Type I Gaucher disease, a glycosphingolipid storage disorder, is associated with insulin resistance

Abstract

Context: Complex glycosphingolipids, in majority the ganglioside GM3, surround the insulin receptor in a special membrane compartment (raft) and modulate signaling through this receptor. Increased levels of GM3 in rafts impair insulin signaling, resulting in insulin resistance. Gaucher disease is a lysosomal storage disorder in which impaired breakdown of glucosylceramide leads to its accumulation in macrophages. Secondary to this defect, GM3 concentrations, for which glucosylceramide is the precursor, in plasma and several cell types are elevated.

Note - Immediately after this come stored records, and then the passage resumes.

(* Every subalgebra of a regular Lie algebra (finite-dimensional, over an infinite field $K$) is regular.
   Context: All algebras are finite-dimensional over an infinite field $K$. For $x\in L$ write $\chi_{\operatorname{ad} x}(t)=\det(t-\operatorname{ad}x)=\sum_{i}a_i(x)t^i$. The rank $\operatorname{rk}L$ is the minimal $r$ such that $a_r(x)\neq 0$ for some $x\in L$. An element $x$ is regular if $a_{\operatorname{rk}L}(x)\neq 0$. A Lie algebra is regular if each of its nonzero elements is regular. *)

theory Defs
  imports Main "Jordan_Normal_Form.Char_Poly"
begin

text \<open>A Lie algebra is modelled as a subset L of an ambient K-vector space
  (given by the scalar multiplication scale), with a bracket br.
  Everything is relativised to the carrier L.\<close>

definition fin_dim :: "('k::field \<Rightarrow> 'v::ab_group_add \<Rightarrow> 'v) \<Rightarrow> 'v set \<Rightarrow> bool" where
  "fin_dim scale L \<longleftrightarrow> (\<exists>B. finite B \<and> B \<subseteq> L \<and> module.span scale B = L)"

definition lie_algebra ::
  "('k::field \<Rightarrow> 'v::ab_group_add \<Rightarrow> 'v) \<Rightarrow> ('v \<Rightarrow> 'v \<Rightarrow> 'v) \<Rightarrow> 'v set \<Rightarrow> bool" where
  "lie_algebra scale br L \<longleftrightarrow>
     module.subspace scale L \<and> fin_dim scale L \<and>
     (\<forall>x\<in>L. \<forall>y\<in>L. br x y \<in> L) \<and>
     (\<forall>x\<in>L. \<forall>y\<in>L. \<forall>z\<in>L. br (x + y) z = br x z + br y z) \<and>
     (\<forall>x\<in>L. \<forall>y\<in>L. \<forall>z\<in>L. br x (y + z) = br x y + br x z) \<and>
     (\<forall>c. \<forall>x\<in>L. \<forall>y\<in>L. br (scale c x) y = scale c (br x y)) \<and>
     (\<forall>c. \<forall>x\<in>L. \<forall>y\<in>L. br x (scale c y) = scale c (br x y)) \<and>
     (\<forall>x\<in>L. br x x = 0) \<and>
     (\<forall>x\<in>L. \<forall>y\<in>L. \<forall>z\<in>L. br x (br y z) + br y (br z x) + br z (br x y) = 0)"

definition lie_subalgebra ::
  "('k::field \<Rightarrow> 'v::ab_group_add \<Rightarrow> 'v) \<Rightarrow> ('v \<Rightarrow> 'v \<Rightarrow> 'v) \<Rightarrow> 'v set \<Rightarrow> 'v set \<Rightarrow> bool" where
  "lie_subalgebra scale br S L \<longleftrightarrow>
     S \<subseteq> L \<and> module.subspace scale S \<and> (\<forall>x\<in>S. \<forall>y\<in>S. br x y \<in> S)"

definition some_basis :: "('k::field \<Rightarrow> 'v::ab_group_add \<Rightarrow> 'v) \<Rightarrow> 'v set \<Rightarrow> 'v list" where
  "some_basis scale S = (SOME bs. distinct bs \<and> module.independent scale (set bs)
                                  \<and> module.span scale (set bs) = S)"

definition endo_matrix ::
  "('k::field \<Rightarrow> 'v::ab_group_add \<Rightarrow> 'v) \<Rightarrow> 'v set \<Rightarrow> ('v \<Rightarrow> 'v) \<Rightarrow> 'k mat" where
  "endo_matrix scale S f =
     (let bs = some_basis scale S
      in mat (length bs) (length bs)
           (\<lambda>(i, j). module.representation scale (set bs) (f (bs ! j)) (bs ! i)))"

definition chi_ad ::
  "('k::field \<Rightarrow> 'v::ab_group_add \<Rightarrow> 'v) \<Rightarrow> ('v \<Rightarrow> 'v \<Rightarrow> 'v) \<Rightarrow> 'v set \<Rightarrow> 'v \<Rightarrow> 'k poly" where
  "chi_ad scale br L x = char_poly (endo_matrix scale L (br x))"

definition lie_rank ::
  "('k::field \<Rightarrow> 'v::ab_group_add \<Rightarrow> 'v) \<Rightarrow> ('v \<Rightarrow> 'v \<Rightarrow> 'v) \<Rightarrow> 'v set \<Rightarrow> nat" where
  "lie_rank scale br L = (LEAST r. \<exists>x\<in>L. coeff (chi_ad scale br L x) r \<noteq> 0)"

definition regular_element ::
  "('k::field \<Rightarrow> 'v::ab_group_add \<Rightarrow> 'v) \<Rightarrow> ('v \<Rightarrow> 'v \<Rightarrow> 'v) \<Rightarrow> 'v set \<Rightarrow> 'v \<Rightarrow> bool" where
  "regular_element scale br L x \<longleftrightarrow> coeff (chi_ad scale br L x) (lie_rank scale br L) \<noteq> 0"

definition regular_lie_algebra ::
  "('k::field \<Rightarrow> 'v::ab_group_add \<Rightarrow> 'v) \<Rightarrow> ('v \<Rightarrow> 'v \<Rightarrow> 'v) \<Rightarrow> 'v set \<Rightarrow> bool" where
  "regular_lie_algebra scale br L \<longleftrightarrow> (\<forall>x\<in>L. x \<noteq> 0 \<longrightarrow> regular_element scale br L x)"

end

theory Submission
  imports Defs
begin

Objective: We studied the influence of glycosphingolipid storage on whole body glucose and fat metabolism by measuring insulin-mediated (IMGU) and noninsulin-mediated glucose uptake (NIMGU) and suppression of free fatty acids by insulin.

Design and main outcome measures: We studied six Gaucher patients, either naive to treatment or with considerable remaining burden of disease, and six matched healthy control subjects in the basal state, during an euglycemic and a hyperglycemic clamp with somatostatin measuring NIMGU and during an euglycemic hyperinsulinemic clamp measuring IMGU, using stable isotopes.

Results: NIMGU (both during euglycemia and hyperglycemia) did not differ between patients and control subjects. IMGU was lower in Gaucher patients, compared with controls. Suppression of lipolysis by insulin tended to be less effective in Gaucher patients.

Conclusion: Gaucher disease, a lysosomal glycosphingolipid storage disorder, is associated with (peripheral) insulin resistance, possibly through the influence of glycosphingolipids on insulin receptor functioning.